Mac (Windows?) Setup

Create a Prometheus config file, named prometheus.yml, that looks similar to the following:

prometheus.yml
scrape_configs:
  - job_name: 'fcrepo'
    scrape_interval: 30s
    metrics_path: '/prometheus'
    static_configs:
    - targets: ['host.docker.internal:8080']
    basic_auth:
      username: fedoraAdmin
      password: fedoraAdmin

Next, create a Docker compose file in the same directory, named docker-compose.yml,that looks like the following:

docker-compose.yml
version: '3.8'
services:
 prometheus:
   image: prom/prometheus
   ports:
     - "9090:9090"
   volumes:
     - ./prometheus.yml:/etc/prometheus/prometheus.yml
    
 grafana:
   image: grafana/grafana
   ports:
   - "3000:3000"

Collecting Metrics

From within this directory, execute docker-compose up to startup the services. You can confirm the services started by browsing to http://localhost:9090, the Prometheus endpoint, and http://localhost:3000, the Grafana endpoint.

Note, this will run the process in the foreground. If you prefer to run it in the background, use the -d flag.

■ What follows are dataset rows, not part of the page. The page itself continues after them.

text \<open>Expanding \<open>(\<Sum>i. x i) * E_k\<close>, the products over pairs \<open>(i, S)\<close> with \<open>i \<notin> S\<close> give
  \<open>(k+1) E_(k+1)\<close>, and those with \<open>i \<in> S\<close> contribute at most \<open>k K E_k\<close>.\<close>
lemma esym_Suc_ge:
  assumes "\<And>i. x i \<ge> 0" "\<And>i. x i \<le> K"
  shows "((\<Sum>i<n. x i) - k * K) * esym k n x \<le> Suc k * esym (Suc k) n x"
proof (induction n arbitrary: k)
  case 0
  have "K \<ge> 0" using assms[of 0] by linarith
  then show ?case using esym_nonneg[OF assms(1), of k 0] by simp
next
  case (Suc n)
  show ?case
  proof (cases k)
    case 0
    then show ?thesis using esym_1[of "Suc n" x] by simp
  next
    case (Suc j)
    let ?P = "\<Sum>i<n. x i" and ?x = "x n"
    have "?x * ((?P + ?x - Suc j * K) * esym j n x) \<le> ?x * ((?P - j * K) * esym j n x)"
      using assms(1,2)[of n] esym_nonneg[of x j n, OF assms(1)]
      by (intro mult_left_mono mult_right_mono) (auto simp: algebra_simps)
    also have "\<dots> \<le> ?x * (Suc j * esym (Suc j) n x)"
      using assms Suc.IH[of j] by (intro mult_left_mono) auto
    finally have step: "?x * ((?P + ?x - Suc j * K) * esym j n x) \<le> ?x * (Suc j * esym (Suc j) n x)" .
    have "((\<Sum>i<Suc n. x i) - k * K) * esym k (Suc n) x
        = (?P - Suc j * K) * esym (Suc j) n x + ?x * esym (Suc j) n x
          + ?x * ((?P + ?x - Suc j * K) * esym j n x)"
      using Suc by (simp add: esym_Suc_Suc algebra_simps)
    also have "\<dots> \<le> Suc (Suc j) * esym (Suc (Suc j)) n x + ?x * esym (Suc j) n x
          + ?x * (Suc j * esym (Suc j) n x)"
      using Suc.IH[of "Suc j"] step by linarith
    also have "\<dots> = Suc k * esym (Suc k) (Suc n) x"
      using Suc by (simp add: esym_Suc_Suc algebra_simps)
    finally show ?thesis .
  qed
qed
definition T_CE :: "nat \<Rightarrow> (nat \<Rightarrow> 'a set) \<Rightarrow> nat \<Rightarrow> ((nat \<Rightarrow> 'a) \<Rightarrow> real)
    \<Rightarrow> ('a \<times> 'a \<times> (nat \<Rightarrow> 'a)) \<Rightarrow> real" where
  "T_CE N A p G = (\<lambda>(a1, a2, a).
     if a1 \<in> A p \<and> a2 \<in> A p \<and> a \<in> joint N A \<and> a p = a2
     then G (a(p := a1)) - G (a(p := a2)) else 0)"

definition T_CCE :: "nat \<Rightarrow> (nat \<Rightarrow> 'a set) \<Rightarrow> nat \<Rightarrow> ((nat \<Rightarrow> 'a) \<Rightarrow> real)
    \<Rightarrow> ('a \<times> (nat \<Rightarrow> 'a)) \<Rightarrow> real" where
  "T_CCE N A p G = (\<lambda>(a1, a).
     if a1 \<in> A p \<and> a \<in> joint N A
     then G (a(p := a1)) - G a else 0)"

end

theory Submission
  imports Defs
begin

text \<open>Each of the three maps is linear, and its kernel on \<open>\<real>\<^sup>\<A>\<close> consists exactly of the
payoffs that do not depend on the action of player \<open>p\<close>. Fix a reference action \<open>c\<close> of \<open>p\<close>.
Every payoff \<open>G\<close> differs from the kernel element \<open>a \<mapsto> G(c, a\<^sub>-\<^sub>p)\<close> by a function supported
on the profiles with \<open>a\<^sub>p \<noteq> c\<close>; on the space of such functions, which has dimension
\<open>|\<A>| - |\<A>\<^sub>-\<^sub>p|\<close>, the map is injective, because a kernel element vanishing whenever
\<open>a\<^sub>p = c\<close> vanishes everywhere.\<close>

lemma vector_space_fscale: "vector_space (fscale :: real \<Rightarrow> ('b \<Rightarrow> real) \<Rightarrow> 'b \<Rightarrow> real)"
  by unfold_locales (auto simp: fscale_def fun_eq_iff algebra_simps)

The final bit of setup is to connect Grafana to Prometheus as follows:

  1. Log into Grafana with the default credentials: admin/admin
  2. Navigate to Configuration -> Datasources
  3. Add a Prometheus datasource
  4. For the Prometheus URL, if you're on linux specify http://localhost:9090, and if you're on Mac use http://host.docker.internal:9090. For amazon linux 2 use http://prometheus:9090
  5. Save the configuration

Now that you have the datasource added, you can create a dashboard to display metrics from Fedora. Here is an example dashboard that you can import with some pre-configured graphs. You will need to actively use Fedora before any graphs will appear.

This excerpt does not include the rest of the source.